May 21

Southern California Beach Tips Dogs, Bonfires

If you’re heading to a Southern California beach with your dog, or if you’re planning to build a bonfire, here are a few pointers:

Beaches and Dogs

For dog owners, call ahead. Most beaches in Southern California don’t allow dogs on the beach, and with good reason. It may be fun to take Fido for a run through the waves and fling him a Frisbee or two. But beach park rangers say dogs can cause two problems. First, the poop factor, so clean up after Fido! Second, dogs, even if they’re well-behaved and on a leash, tend to scare away wildlife and lower beach habitat values.

Wes Chapin is an interpretive specialist for the California State Parks Channel Coast District, which operates state beaches from Oxnard to north of Santa Barbara. He says studies of beach trails that allow dogs have come up with surprising findings: In areas where dogs are allowed on trails, even on leash, wild animals keep much farther back than in areas where dogs are prohibited.

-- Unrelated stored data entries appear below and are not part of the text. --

(* (1) There exists a function $r:[\omega]^\omega\to[\omega]^\omega$ such that for every $x,z\in[\omega]^\omega$ there is $y\in[x]^\omega$ with $r(y)=z$. (2) There exists a function $r:[\omega]^\omega\to 2^{\aleph_0}$ such that for every $x\in[\omega]^\omega$ and every $\beta<2^{\aleph_0}$ there is $y\in[x]^\omega$ with $r(y)=\beta$. (3) For every infinite cardinal $\lambda$ there is a function $r:[\lambda]^\omega\to 2^{\aleph_0}$ such that for every $x\in[\lambda]^\omega$ and every $\beta<2^{\aleph_0}$ there is $y\in[x]^\omega$ with $r(y)=\beta$ (and likewise with $[\omega]^\omega$ as target in place of $2^{\aleph_0}$).
   Context: Work in ZFC. For a set $X$, $[X]^\omega$ denotes the set of countably infinite subsets of $X$. *)

theory Defs
  imports Main "HOL-Library.Countable_Set"
begin

definition ctbl_inf_subsets :: "'a set \<Rightarrow> 'a set set" where
  "ctbl_inf_subsets X = {y. y \<subseteq> X \<and> countable y \<and> infinite y}"

end

theory Submission
  imports Defs
begin

text \<open>
  On \<open>\<omega>\<close> there are continuum many pairs \<open>(x, \<beta>)\<close> with \<open>x\<close> infinite, and each such \<open>x\<close> has
  continuum many infinite subsets; so a transfinite recursion chooses pairwise distinct infinite
  \<open>y\<^sub>x\<^sub>\<beta> \<subseteq> x\<close>, and one sets \<open>r(y\<^sub>x\<^sub>\<beta>) = \<beta>\<close>. (Some choice is unavoidable: by Galvin--Prikry
  no Borel map works.)

  For an arbitrary set, fix a well-order. The elements of an infinite \<open>x\<close> having only finitely
  many predecessors in \<open>x\<close> form an infinite set \<open>x'\<close> of order type \<open>\<omega>\<close>, and every infinite
  \<open>y \<subseteq> x'\<close> is cofinal in \<open>x'\<close>, hence has the same strict downward closure \<open>D\<close>. A cofinal
  \<open>\<omega>\<close>-sequence chosen canonically from \<open>D\<close> assigns each element a level in \<open>\<omega>\<close>, finite-to-one on
  \<open>x'\<close>; since \<open>D\<close> is recoverable from \<open>y\<close> alone, applying the \<open>\<omega>\<close>-map to the set of levels of
  \<open>y\<close> transfers it. Finite values are finally replaced by \<open>\<omega>\<close> to get infinite targets.
\<close>

unbundle cardinal_syntax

The finding probably has to do with dogs’ predatory ancestry, and wild animals’ understandable wariness, Chapin says. But whatever the reason, the presence of dogs discourages wildlife.

Find a Dog Beach

That said, dog-friendly beaches abound. In Southern California, the communities of Huntington Beach, Laguna Beach, Long Beach, Newport Beach, Ocean Beach, Oceano, San Clemente and Seal Beach, as well as San Diego’s Mission Bay all have dog beaches. Check with each community’s Web site for specifics.

Beaches and Bonfires

Fire pits are practically ancestral: a gathering-place for story telling, and when they’re a bonfire on the beach, there’s the added fun of that ancestral beach desert: S’Mores. Building fires seaside, California however, with our wildfire dangers always present, well, some beaches prohibit beach bonfires or enforce tight restrictions.

Chapin points out that many well-intended beach-goers carefully extinguish their bonfires at the end of their evening, and conscientiously cover the remaining coals with sand. That might seem like a good idea, Chapin says, but all it accomplishes is to keep the buried coals and covering sand toasty hot for some beach visitor to burn their feet on the next day.

Find a Bonfire Beach

State-run beaches in California do not allow fires on the beach, period. If you’ve got your heart set on a bonfire vanity, call ahead to find a beach that allows them, and find out what the beach’s rules are. Some cities, such as Huntington Beach, maintain concrete bonfire rings that have become a local tradition. Also, be sure to use only unprocessed, natural wood that won’t pollute the beach with contaminated remains. And, of course, carry out your trash, including bottles and cans.